▶ [WORK TO BE COMPLETED]: Below are lines of data; restate word for word those running from the line containing "1) = fib (2" to the line containing "(fib (2 * Suc", inclusive, and no others.

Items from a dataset
(* Let $i\ge2$, $j\ge1$ and $k\ge1$ be integers and let $x=(10)^i0(10)^j0(10)^k$. Then $[x]_2\notin R$.
   Context: Stern's sequence $(a(n))_{n\ge0}$: $a(0)=0$, $a(1)=1$, $a(2n)=a(n)$, $a(2n+1)=a(n)+a(n+1)$; $s(n)=a(n+1)$. $R$ is the set of record-setters of $s$, i.e. indices $v\ge0$ with $s(i)<s(v)$ for all $i<v$. For a binary string $x$, $[x]_2$ is the integer it represents in base 2; $x^i$ denotes $i$-fold concatenation. *)

theory Defs
  imports Main
begin

function stern :: "nat \<Rightarrow> nat" where
  "stern n = (if n = 0 then 0 else if n = 1 then 1
              else if even n then stern (n div 2)
              else stern (n div 2) + stern (n div 2 + 1))"
  by auto
termination by (relation "measure id") (auto elim!: oddE)

definition s :: "nat \<Rightarrow> nat" where
  "s n = stern (n + 1)"

definition R :: "nat set" where
  "R = {v. \<forall>i<v. s i < s v}"

definition bin_val :: "nat list \<Rightarrow> nat" where
  "bin_val xs = foldl (\<lambda>acc d. 2 * acc + d) 0 xs"

definition pow_str :: "nat list \<Rightarrow> nat \<Rightarrow> nat list" where
  "pow_str x i = concat (replicate i x)"

end

theory Submission
  imports Defs "HOL-Number_Theory.Fib"
begin

text \<open>Appending a binary digit to a word acts linearly on the pair (a(v), a(v+1)), and the block 10
  acts by the symmetric matrix with rows (1, 1), (1, 2); hence (10)^n acts by the matrix with rows
  (F(2n-1), F(2n)), (F(2n), F(2n+1)) of Fibonacci numbers. The word
  y = (10)^(i-1) 010 (10)^j (10)^k 0 is smaller than x = (10)^(i-1) 100 (10)^j 0 (10)^k, and
  multiplying out the two matrix products shows s([x]_2) \<le> s([y]_2); the only estimate needed is
  F(2n+1) \<le> 2 F(2n) for n \<ge> 1, applied to the first and last blocks.\<close>

declare stern.simps[simp del]

lemma stern_double: "stern (2 * n) = stern n"
  by (subst stern.simps) (auto simp: stern.simps)

lemma stern_double_Suc: "stern (2 * n + 1) = stern n + stern (n + 1)"
  by (subst stern.simps) (auto simp: stern.simps)

lemma bin_val_snoc: "bin_val (xs @ [d]) = 2 * bin_val xs + d"
  by (simp add: bin_val_def)

lemma bin_val_append: "bin_val (xs @ ys) = bin_val xs * 2 ^ length ys + bin_val ys"
  by (induction ys rule: rev_induct) (simp_all add: bin_val_def algebra_simps)

lemma bin_val_less_power: "set ys \<subseteq> {0, 1} \<Longrightarrow> bin_val ys < 2 ^ length ys"
  by (induction ys rule: rev_induct) (auto simp: bin_val_snoc bin_val_def)

lemma bin_val_less_at_first_difference:
  assumes "length ys = length zs" and "set ys \<subseteq> {0, 1}"
  shows "bin_val (xs @ 0 # ys) < bin_val (xs @ 1 # zs)"
proof -
  have "bin_val (0 # ys) < bin_val (1 # zs)"
    using bin_val_less_power[OF assms(2)] bin_val_append[of "[0]" ys] bin_val_append[of "[1]" zs]
      assms(1) by (simp add: bin_val_def)
  then show ?thesis
    using assms(1) by (simp add: bin_val_append)
qed

lemma pow_str_Suc: "pow_str x (Suc n) = pow_str x n @ x"
  by (simp add: pow_str_def replicate_append_same[symmetric])

lemma set_pow_str: "set (pow_str x n) \<subseteq> set x"
  by (auto simp: pow_str_def)

lemma length_pow_str: "length (pow_str x n) = n * length x"
  by (simp add: pow_str_def length_concat sum_list_replicate)

lemma not_record_setter: "w < v \<Longrightarrow> s v \<le> s w \<Longrightarrow> v \<notin> R"
  by (auto simp: R_def not_less[symmetric])

definition stern_step :: "nat \<Rightarrow> nat \<times> nat \<Rightarrow> nat \<times> nat" where
  "stern_step d p = (if d = 0 then (fst p, fst p + snd p) else (fst p + snd p, snd p))"

definition stern_pair :: "nat list \<Rightarrow> nat \<times> nat" where
  "stern_pair xs = (stern (bin_val xs), stern (bin_val xs + 1))"

lemma stern_pair_snoc: "d \<in> {0, 1} \<Longrightarrow> stern_pair (xs @ [d]) = stern_step d (stern_pair xs)"
  using stern_double[of "bin_val xs"] stern_double[of "bin_val xs + 1"] stern_double_Suc[of "bin_val xs"]
  by (auto simp: stern_pair_def stern_step_def bin_val_snoc)

lemma stern_pair_eq_fold: "set xs \<subseteq> {0, 1} \<Longrightarrow> stern_pair xs = fold stern_step xs (0, 1)"
proof (induction xs rule: rev_induct)
  case Nil
  show ?case by (simp add: stern_pair_def bin_val_def stern.simps)
next
  case (snoc d xs)
  then show ?case by (simp add: stern_pair_snoc)
qed

lemma s_bin_val_eq_fold: "set xs \<subseteq> {0, 1} \<Longrightarrow> s (bin_val xs) = snd (fold stern_step xs (0, 1))"
  by (metis s_def stern_pair_def stern_pair_eq_fold snd_conv Suc_eq_plus1)

lemma fib_add_three: "fib (n + 1) + fib (n + 2) = fib (n + 3)"
  by (simp add: numeral_eq_Suc)

lemma fib_Suc_le_double: "n > 0 \<Longrightarrow> fib (Suc n) \<le> 2 * fib n"
  using fib_mono[of "n - 1" n] by (cases n) simp_all

lemma fold_stern_step_blocks:
  "fold stern_step (pow_str [1, 0] (Suc m)) (u, v) =
     (fib (2 * m + 1) * u + fib (2 * m + 2) * v, fib (2 * m + 2) * u + fib (2 * m + 3) * v)"
proof (induction m)
  case 0
  show ?case by (simp add: pow_str_def stern_step_def numeral_eq_Suc)
next
  case (Suc m)
  have fib_rec: "fib (2 * m + 3) = fib (2 * m + 1) + fib (2 * m + 2)"
    "fib (2 * Suc m + 1) = fib (2 * m + 1) + fib (2 * m + 2)"
    "fib (2 * Suc m + 2) = fib (2 * m + 1) + 2 * fib (2 * m + 2)"
    "fib (2 * Suc m + 3) = 2 * fib (2 * m + 1) + 3 * fib (2 * m + 2)"
    by (simp_all add: numeral_eq_Suc)
  have "fold stern_step (pow_str [1, 0] (Suc (Suc m))) (u, v) =
      fold stern_step [1, 0] (fold stern_step (pow_str [1, 0] (Suc m)) (u, v))"
    by (simp only: pow_str_Suc[of _ "Suc m"] fold_append o_apply)
  also have "\<dots> = (fib (2 * Suc m + 1) * u + fib (2 * Suc m + 2) * v,
                     fib (2 * Suc m + 2) * u + fib (2 * Suc m + 3) * v)"
    unfolding Suc fib_rec by (simp add: stern_step_def algebra_simps)
  finally show ?case .
qed

lemma block_swap_inequality:
  fixes a b \<alpha>\<^sub>1 \<beta>\<^sub>1 \<gamma>\<^sub>1 \<beta>\<^sub>2 \<gamma>\<^sub>2 :: nat
  assumes "b \<le> 2 * a" and "\<alpha>\<^sub>1 + \<beta>\<^sub>1 = \<gamma>\<^sub>1" and "\<gamma>\<^sub>2 \<le> 2 * \<beta>\<^sub>2"
  shows "2 * \<gamma>\<^sub>1 * \<gamma>\<^sub>2 * b \<le> (\<beta>\<^sub>2 + \<gamma>\<^sub>2) * ((\<beta>\<^sub>1 + 2 * \<gamma>\<^sub>1) * a + \<alpha>\<^sub>1 * b)"
proof -
  have "3 * \<gamma>\<^sub>1 * b \<le> (\<beta>\<^sub>1 + 2 * \<gamma>\<^sub>1) * b + 2 * \<alpha>\<^sub>1 * b"
    using assms(2)[symmetric] by (simp add: algebra_simps)
  also have "\<dots> \<le> 2 * ((\<beta>\<^sub>1 + 2 * \<gamma>\<^sub>1) * a + \<alpha>\<^sub>1 * b)"
    using mult_left_mono[OF assms(1), of "\<beta>\<^sub>1 + 2 * \<gamma>\<^sub>1"] by (simp add: algebra_simps)
  finally have inner: "3 * \<gamma>\<^sub>1 * b \<le> 2 * ((\<beta>\<^sub>1 + 2 * \<gamma>\<^sub>1) * a + \<alpha>\<^sub>1 * b)" .
  have outer: "3 * \<gamma>\<^sub>2 \<le> 2 * (\<beta>\<^sub>2 + \<gamma>\<^sub>2)"
    using assms(3) by simp
  have "4 * (2 * \<gamma>\<^sub>1 * \<gamma>\<^sub>2 * b) \<le> (3 * \<gamma>\<^sub>2) * (3 * \<gamma>\<^sub>1 * b)"
    by simp
  also have "\<dots> \<le> (2 * (\<beta>\<^sub>2 + \<gamma>\<^sub>2)) * (2 * ((\<beta>\<^sub>1 + 2 * \<gamma>\<^sub>1) * a + \<alpha>\<^sub>1 * b))"
    using outer inner by (rule mult_mono') simp_all
  also have "\<dots> = 4 * ((\<beta>\<^sub>2 + \<gamma>\<^sub>2) * ((\<beta>\<^sub>1 + 2 * \<gamma>\<^sub>1) * a + \<alpha>\<^sub>1 * b))"
    by (simp add: algebra_simps)
  finally show ?thesis by linarith
qed

lemma snd_fold_stern_step_swap_le:
  assumes "b \<le> 2 * a"
    and Q\<^sub>1: "\<And>u v. fold stern_step Q\<^sub>1 (u, v) = (\<alpha>\<^sub>1 * u + \<beta>\<^sub>1 * v, \<beta>\<^sub>1 * u + \<gamma>\<^sub>1 * v)"
      "\<alpha>\<^sub>1 + \<beta>\<^sub>1 = \<gamma>\<^sub>1"
    and Q\<^sub>2: "\<And>u v. fold stern_step Q\<^sub>2 (u, v) = (\<alpha>\<^sub>2 * u + \<beta>\<^sub>2 * v, \<beta>\<^sub>2 * u + \<gamma>\<^sub>2 * v)"
      "\<alpha>\<^sub>2 + \<beta>\<^sub>2 = \<gamma>\<^sub>2" "\<gamma>\<^sub>2 \<le> 2 * \<beta>\<^sub>2"
  shows "snd (fold stern_step ([1, 0, 0] @ Q\<^sub>1 @ [0] @ Q\<^sub>2) (a, b))
       \<le> snd (fold stern_step ([0, 1, 0] @ Q\<^sub>1 @ Q\<^sub>2 @ [0]) (a, b))"
proof -
  have "snd (fold stern_step ([1, 0, 0] @ Q\<^sub>1 @ [0] @ Q\<^sub>2) (a, b))
      + (\<beta>\<^sub>2 + \<gamma>\<^sub>2) * ((\<beta>\<^sub>1 + 2 * \<gamma>\<^sub>1) * a + \<alpha>\<^sub>1 * b)
      = snd (fold stern_step ([0, 1, 0] @ Q\<^sub>1 @ Q\<^sub>2 @ [0]) (a, b)) + 2 * \<gamma>\<^sub>1 * \<gamma>\<^sub>2 * b"
    using Q\<^sub>1(2)[symmetric] Q\<^sub>2(2)[symmetric] by (simp add: Q\<^sub>1(1) Q\<^sub>2(1) stern_step_def algebra_simps)
  with block_swap_inequality[OF assms(1) Q\<^sub>1(2) Q\<^sub>2(3)] show ?thesis
    by linarith
qed

lemma s_bin_val_swap_le:
  fixes m j k :: nat
  defines "P \<equiv> pow_str [1, 0] (Suc m)" and "Q\<^sub>1 \<equiv> pow_str [1, 0] (Suc j)"
    and "Q\<^sub>2 \<equiv> pow_str [1, 0] (Suc k)"
  shows "s (bin_val (P @ [1, 0, 0] @ Q\<^sub>1 @ [0] @ Q\<^sub>2)) \<le> s (bin_val (P @ [0, 1, 0] @ Q\<^sub>1 @ Q\<^sub>2 @ [0]))"
proof -
  have fib_le: "fib (n + 3) \<le> 2 * fib (n + 2)" for n
    using fib_Suc_le_double[of "n + 2"] by (simp add: numeral_eq_Suc)
  have fold_P: "fold stern_step P (0, 1) = (fib (2 * m + 2), fib (2 * m + 3))"
    unfolding P_def fold_stern_step_blocks by simp
  have "snd (fold stern_step ([1, 0, 0] @ Q\<^sub>1 @ [0] @ Q\<^sub>2) (fold stern_step P (0, 1)))
      \<le> snd (fold stern_step ([0, 1, 0] @ Q\<^sub>1 @ Q\<^sub>2 @ [0]) (fold stern_step P (0, 1)))"
    unfolding fold_P Q\<^sub>1_def Q\<^sub>2_def
    by (rule snd_fold_stern_step_swap_le[OF fib_le fold_stern_step_blocks fib_add_three
          fold_stern_step_blocks fib_add_three fib_le])
  moreover have "set P \<subseteq> {0, 1}" "set Q\<^sub>1 \<subseteq> {0, 1}" "set Q\<^sub>2 \<subseteq> {0, 1}"
    using set_pow_str[of "[1, 0]"] unfolding P_def Q\<^sub>1_def Q\<^sub>2_def by (simp_all add: insert_commute)
  ultimately show ?thesis
    by (simp add: s_bin_val_eq_fold)
qed

theorem mainTheorem17:
  fixes i j k :: nat
  assumes "i \<ge> 2" and "j \<ge> 1" and "k \<ge> 1"
  shows "bin_val (pow_str [1,0] i @ [0] @ pow_str [1,0] j @ [0] @ pow_str [1,0] k) \<notin> R"
proof -
  have "i = Suc (Suc (i - 2))" "j = Suc (j - 1)" "k = Suc (k - 1)"
    using assms by simp_all
  then obtain m j' k' where ijk: "i = Suc (Suc m)" "j = Suc j'" "k = Suc k'"
    by blast
  define P where "P = pow_str [1, 0 :: nat] (Suc m)"
  define Q\<^sub>1 where "Q\<^sub>1 = pow_str [1, 0 :: nat] j"
  define Q\<^sub>2 where "Q\<^sub>2 = pow_str [1, 0 :: nat] k"
  have x: "pow_str [1, 0] i @ [0] @ pow_str [1, 0] j @ [0] @ pow_str [1, 0] k
      = P @ [1, 0, 0] @ Q\<^sub>1 @ [0] @ Q\<^sub>2"
    by (simp add: ijk(1) pow_str_Suc P_def Q\<^sub>1_def Q\<^sub>2_def)
  have "bin_val (P @ [0, 1, 0] @ Q\<^sub>1 @ Q\<^sub>2 @ [0]) < bin_val (P @ [1, 0, 0] @ Q\<^sub>1 @ [0] @ Q\<^sub>2)"
    using bin_val_less_at_first_difference[of "[1, 0] @ Q\<^sub>1 @ Q\<^sub>2 @ [0]" "[0, 0] @ Q\<^sub>1 @ [0] @ Q\<^sub>2" P]
      set_pow_str[of "[1, 0]"]
    by (auto simp: Q\<^sub>1_def Q\<^sub>2_def length_pow_str)
  moreover have "s (bin_val (P @ [1, 0, 0] @ Q\<^sub>1 @ [0] @ Q\<^sub>2)) \<le> s (bin_val (P @ [0, 1, 0] @ Q\<^sub>1 @ Q\<^sub>2 @ [0]))"
    unfolding P_def Q\<^sub>1_def Q\<^sub>2_def ijk by (rule s_bin_val_swap_le)
  ultimately show ?thesis
    unfolding x by (rule not_record_setter)
qed

end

▶ [EXPECTED ANSWER]:
    "fib (2 * Suc m + 1) = fib (2 * m + 1) + fib (2 * m + 2)"
    "fib (2 * Suc m + 2) = fib (2 * m + 1) + 2 * fib (2 * m + 2)"
    "fib (2 * Suc m + 3) = 2 * fib (2 * m + 1) + 3 * fib (2 * m + 2)"
    by (simp_all add: numeral_eq_Suc)
  have "fold stern_step (pow_str [1, 0] (Suc (Suc m))) (u, v) =
      fold stern_step [1, 0] (fold stern_step (pow_str [1, 0] (Suc m)) (u, v))"
    by (simp only: pow_str_Suc[of _ "Suc m"] fold_append o_apply)
  also have "\<dots> = (fib (2 * Suc m + 1) * u + fib (2 * Suc m + 2) * v,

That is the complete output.